[SOURCE INFORMATION]:
(* Put r = rhoZ Z and r' = rhoZ Z'. The maps n(a,b) preserve rho, and rho(Z, n(a,b) Z') has real part
   (r + r' + |a + c|^2) / 2 and imaginary part b + m(a) for some constant c and real function m.
   Translating b and then a removes c and m(a), and polar coordinates in a leave pi times an integral
   over s = |a|^2 >= 0. With t = (r + r' + s) / 2 what remains is a radial function of (t, b) integrated
   over the half plane t >= t0 = (r + r') / 2; the circle of radius sqrt w meets this half plane in an
   arc of angle 2 arccos (t0 / sqrt w), and arccos (2 q - 1) = 2 arccos (sqrt q) turns this angle into
   the arccos in the definition of Pfun. *)

lemma borel_measurable_arccos [measurable]: "arccos \<in> borel_measurable borel"
proof -
  have empty: "(\<lambda>t. 0 \<le> t \<and> t \<le> pi \<and> cos t = y) = (\<lambda>t. False)" if "y \<notin> {-1..1}" for y :: real
    using that cos_le_one cos_ge_minus_one by (auto simp: fun_eq_iff)
  have outside: "arccos x = arccos 2" if "x \<notin> {-1..1}" for x
  proof -
    have two: "(2::real) \<notin> {-1..1}" by simp
    show ?thesis unfolding arccos_def empty[OF that] empty[OF two] ..
  qed
  have "(\<lambda>x. if x \<in> {-1..1} then arccos x else arccos 2) \<in> borel_measurable borel"
    by (intro borel_measurable_continuous_on_if continuous_on_arccos' continuous_on_const) auto
  moreover have "(\<lambda>x. if x \<in> {-1..1} then arccos x else arccos 2) = arccos"
  proof
    show "(if x \<in> {-1..1} then arccos x else arccos 2) = arccos x" for x
      using outside[of x] by auto
  qed
  ultimately show ?thesis by (simp only:)
qed

lemma borel_measurable_cnj [measurable (raw)]:
  fixes f :: "'a \<Rightarrow> complex"
  assumes "f \<in> borel_measurable M"
  shows "(\<lambda>x. cnj (f x)) \<in> borel_measurable M"
  using measurable_compose[OF assms borel_measurable_continuous_onI[OF continuous_on_cnj[OF continuous_on_id]]]
  by (simp add: o_def)

lemma nn_integral_lborel_even:
  fixes g :: "real \<Rightarrow> ennreal"
  assumes [measurable]: "g \<in> borel_measurable borel" and even: "\<And>x. g (- x) = g x"
  shows "(\<integral>\<^sup>+x. g x \<partial>lborel) = 2 * (\<integral>\<^sup>+x. g x * indicator {0..} x \<partial>lborel)"
proof -
  have "(\<integral>\<^sup>+x. g x \<partial>lborel) = (\<integral>\<^sup>+x. g x * indicator {0..} x + g x * indicator {..<0} x \<partial>lborel)"
    by (intro nn_integral_cong) (auto split: split_indicator)
  also have "\<dots> = (\<integral>\<^sup>+x. g x * indicator {0..} x \<partial>lborel) + (\<integral>\<^sup>+x. g x * indicator {..<0} x \<partial>lborel)"
    by (rule nn_integral_add) auto
  also have "(\<integral>\<^sup>+x. g x * indicator {..<0} x \<partial>lborel)
      = (\<integral>\<^sup>+x. g (0 + (-1) * x) * indicator {..<0} (0 + (-1) * x) \<partial>lborel)"
    by (subst nn_integral_real_affine[of _ "-1" 0]) auto
  also have "\<dots> = (\<integral>\<^sup>+x. g x * indicator {0..} x \<partial>lborel)"
    using AE_lborel_singleton[of 0]
    by (intro nn_integral_cong_AE) (auto simp: even split: split_indicator elim!: eventually_mono)
  finally show ?thesis by (simp add: mult_2)
qed

lemma nn_integral_atLeast_eq_SUP_atLeastAtMost:
  fixes f :: "real \<Rightarrow> ennreal" and b :: "nat \<Rightarrow> real"
  assumes [measurable]: "f \<in> borel_measurable borel"
    and "incseq b" and unbounded: "\<And>x. \<exists>n. x \<le> b n"
  shows "(\<integral>\<^sup>+x. f x * indicator {a..} x \<partial>lborel) = (SUP n. \<integral>\<^sup>+x. f x * indicator {a..b n} x \<partial>lborel)"
proof -
  have "(SUP n. f x * indicator {a..b n} x) = f x * indicator {a..} x" for x
  proof (rule antisym)
    show "(SUP n. f x * indicator {a..b n} x) \<le> f x * indicator {a..} x"
      by (rule SUP_least) (auto split: split_indicator)
    obtain n where "x \<le> b n" using unbounded by blast
    then show "f x * indicator {a..} x \<le> (SUP n. f x * indicator {a..b n} x)"
      by (intro SUP_upper2[of n]) (auto split: split_indicator)
  qed
  moreover have "incseq (\<lambda>n x. f x * indicator {a..b n} x)"
    using \<open>incseq b\<close>
    by (intro incseq_SucI le_funI) (auto simp: incseq_Suc_iff split: split_indicator, meson order.trans)
  ultimately show ?thesis
    by (simp add: nn_integral_monotone_convergence_SUP[symmetric])
qed

lemma nn_integral_substitution_square:
  fixes f :: "real \<Rightarrow> ennreal"
  assumes [measurable]: "f \<in> borel_measurable borel" and "0 < c" "0 \<le> a"
  shows "(\<integral>\<^sup>+x. f (c * x\<^sup>2) * ennreal (2 * c * x) * indicator {a..} x \<partial>lborel)
       = (\<integral>\<^sup>+w. f w * indicator {c * a\<^sup>2..} w \<partial>lborel)"
proof -
  have unbounded: "\<exists>n. x \<le> c * (a + real n)\<^sup>2" for x
  proof -
    obtain n :: nat where "x / c \<le> real n" using real_arch_simple by blast
    moreover have "real n \<le> (a + real n)\<^sup>2"
    proof -
      have "real n \<le> (real n)\<^sup>2" using le_square[of n] by (simp add: power2_eq_square flip: of_nat_mult)
      also have "\<dots> \<le> (a + real n)\<^sup>2" using \<open>0 \<le> a\<close> by (intro power_mono) auto
      finally show ?thesis .
    qed
    ultimately show ?thesis using \<open>0 < c\<close> by (metis mult.commute order.trans pos_divide_le_eq)
  qed
  have "(\<integral>\<^sup>+x. f (c * x\<^sup>2) * ennreal (2 * c * x) * indicator {a..} x \<partial>lborel)
      = (SUP n. \<integral>\<^sup>+x. f (c * x\<^sup>2) * ennreal (2 * c * x) * indicator {a..a + real n} x \<partial>lborel)"
  proof (rule nn_integral_atLeast_eq_SUP_atLeastAtMost)
    show "\<exists>n. x \<le> a + real n" for x
      using real_arch_simple[of x] \<open>0 \<le> a\<close> by (meson add_increasing order.trans)
  qed (auto simp: incseq_def)
  also have "\<dots> = (SUP n. \<integral>\<^sup>+w. f w * indicator {c * a\<^sup>2..c * (a + real n)\<^sup>2} w \<partial>lborel)"
  proof (intro SUP_cong refl)
    fix n :: nat
    show "(\<integral>\<^sup>+x. f (c * x\<^sup>2) * ennreal (2 * c * x) * indicator {a..a + real n} x \<partial>lborel)
        = (\<integral>\<^sup>+w. f w * indicator {c * a\<^sup>2..c * (a + real n)\<^sup>2} w \<partial>lborel)"
    proof (cases "n = 0")
      case True
      then show ?thesis by simp
    next
      case False
      then show ?thesis
        by (intro nn_integral_substitution_aux[symmetric, of f a "a + real n" "\<lambda>x. c * x\<^sup>2" "\<lambda>x. 2 * c * x"])
           (use assms in \<open>auto intro!: derivative_eq_intros continuous_intros\<close>)
    qed
  qed
  also have "\<dots> = (\<integral>\<^sup>+w. f w * indicator {c * a\<^sup>2..} w \<partial>lborel)"
    using \<open>0 < c\<close> \<open>0 \<le> a\<close>
    by (intro nn_integral_atLeast_eq_SUP_atLeastAtMost[symmetric] unbounded)
       (auto simp: incseq_def intro!: mult_left_mono power_mono)
  finally show ?thesis .
qed

lemma arctan_eq_arccos:
  assumes "0 \<le> x"
  shows "arctan x = arccos (1 / sqrt (1 + x\<^sup>2))"
proof -
  have "0 \<le> arctan x" using assms by (simp add: arctan_le_iff[of 0, simplified])
  moreover have "arctan x \<le> pi" using arctan_ubound[of x] pi_gt_zero by linarith
  ultimately show ?thesis by (simp add: arccos_cos flip: cos_arctan)
qed

lemma arccos_2_mult_minus_1:
  assumes "0 \<le> q" "q \<le> 1"
  shows "arccos (2 * q - 1) = 2 * arccos (sqrt q)"
proof -
  define \<theta> where "\<theta> = arccos (sqrt q)"
  have sqrt_q: "0 \<le> sqrt q" "sqrt q \<le> 1" using assms by auto
  then have "0 \<le> \<theta>" unfolding \<theta>_def by (intro arccos_lbound) linarith+
  moreover have "\<theta> \<le> pi / 2" unfolding \<theta>_def using sqrt_q by (intro arccos_le_pi2)
  moreover have "cos (2 * \<theta>) = 2 * q - 1"
  proof -
    have "cos \<theta> = sqrt q" unfolding \<theta>_def using sqrt_q by (intro cos_arccos) linarith+
    then show ?thesis using assms by (simp add: cos_double_cos)
  qed
  ultimately show ?thesis
    using arccos_cos[of "2 * \<theta>"] unfolding \<theta>_def by simp
qed

lemma nn_integral_inverse_1_plus_square_symmetric:
  assumes "0 \<le> \<sigma>"
  shows "(\<integral>\<^sup>+s. ennreal (1 / (1 + s\<^sup>2)) * indicator {-\<sigma>..\<sigma>} s \<partial>lborel) = ennreal (2 * arctan \<sigma>)"
proof -
  have "(\<integral>\<^sup>+s. ennreal (1 / (1 + s\<^sup>2)) * indicator {-\<sigma>..\<sigma>} s \<partial>lborel) = arctan \<sigma> - arctan (-\<sigma>)"
    by (rule nn_integral_FTC_Icc)
       (use assms in \<open>auto intro!: derivative_eq_intros simp: field_simps add_pos_nonneg\<close>)
  then show ?thesis by (simp add: arctan_minus)
qed

lemma nn_integral_inverse_1_plus_square: "(\<integral>\<^sup>+s. ennreal (1 / (1 + s\<^sup>2)) \<partial>lborel) = ennreal pi"
proof -
  have "(\<integral>\<^sup>+s. ennreal (1 / (1 + s\<^sup>2)) * indicator {0..} s \<partial>lborel) = pi / 2 - arctan 0"
    by (rule nn_integral_FTC_atLeast[where F = arctan])
       (auto intro!: derivative_eq_intros tendsto_arctan_at_top simp: field_simps add_pos_nonneg)
  then show ?thesis
    using ennreal_mult[of 2 "pi / 2"] by (subst nn_integral_lborel_even) auto
qed

(* In the coordinate s = b / t, ds / (1 + s^2) is the angle element at the origin, so this is the
   angle of the arc of the circle of radius sqrt w that lies in the half plane t >= t0. *)
lemma nn_integral_inverse_1_plus_square_sublevel:
  assumes "0 \<le> t0"
  shows "(\<integral>\<^sup>+s. ennreal (1 / (1 + s\<^sup>2)) * indicator {t0\<^sup>2 * (1 + s\<^sup>2)..} w \<partial>lborel)
       = ennreal (2 * arccos (t0 / sqrt w)) * indicator {t0\<^sup>2..} w"
proof (cases "t0\<^sup>2 \<le> w")
  case False
  have "t0\<^sup>2 \<le> t0\<^sup>2 * (1 + s\<^sup>2)" for s by (simp add: algebra_simps)
  with False show ?thesis by (simp add: not_le order_less_le_trans)
next
  case w: True
  show ?thesis
  proof (cases "t0 = 0")
    case True
    with w show ?thesis by (simp add: nn_integral_inverse_1_plus_square)
  next
    case False
    with assms have "0 < t0" by simp
    define \<sigma> where "\<sigma> = sqrt (w / t0\<^sup>2 - 1)"
    have "1 \<le> w / t0\<^sup>2" using w \<open>0 < t0\<close> by simp
    then have \<sigma>2: "1 + \<sigma>\<^sup>2 = w / t0\<^sup>2" and "0 \<le> \<sigma>" unfolding \<sigma>_def by auto
    have "indicator {t0\<^sup>2 * (1 + s\<^sup>2)..} w = (indicator {-\<sigma>..\<sigma>} s :: ennreal)" for s
    proof -
      have "w = t0\<^sup>2 * (1 + \<sigma>\<^sup>2)" using \<sigma>2 \<open>0 < t0\<close> by simp
      then have "t0\<^sup>2 * (1 + s\<^sup>2) \<le> w \<longleftrightarrow> s\<^sup>2 \<le> \<sigma>\<^sup>2"
        using \<open>0 < t0\<close> by simp
      also have "\<dots> \<longleftrightarrow> s \<in> {-\<sigma>..\<sigma>}"
        using \<open>0 \<le> \<sigma>\<close> by (simp add: abs_le_square_iff[symmetric] abs_le_iff) linarith
      finally show ?thesis by (simp split: split_indicator)
    qed
    moreover have "arctan \<sigma> = arccos (t0 / sqrt w)"
      using arctan_eq_arccos[OF \<open>0 \<le> \<sigma>\<close>] \<sigma>2 \<open>0 < t0\<close> by (simp add: real_sqrt_divide)
    ultimately show ?thesis
      using w nn_integral_inverse_1_plus_square_symmetric[OF \<open>0 \<le> \<sigma>\<close>] by simp
  qed
qed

[BRIEF]:
How many lines of the listing contain the word "that"? Reply with only the number.

[ANSWER TO THE EXERCISE]:
3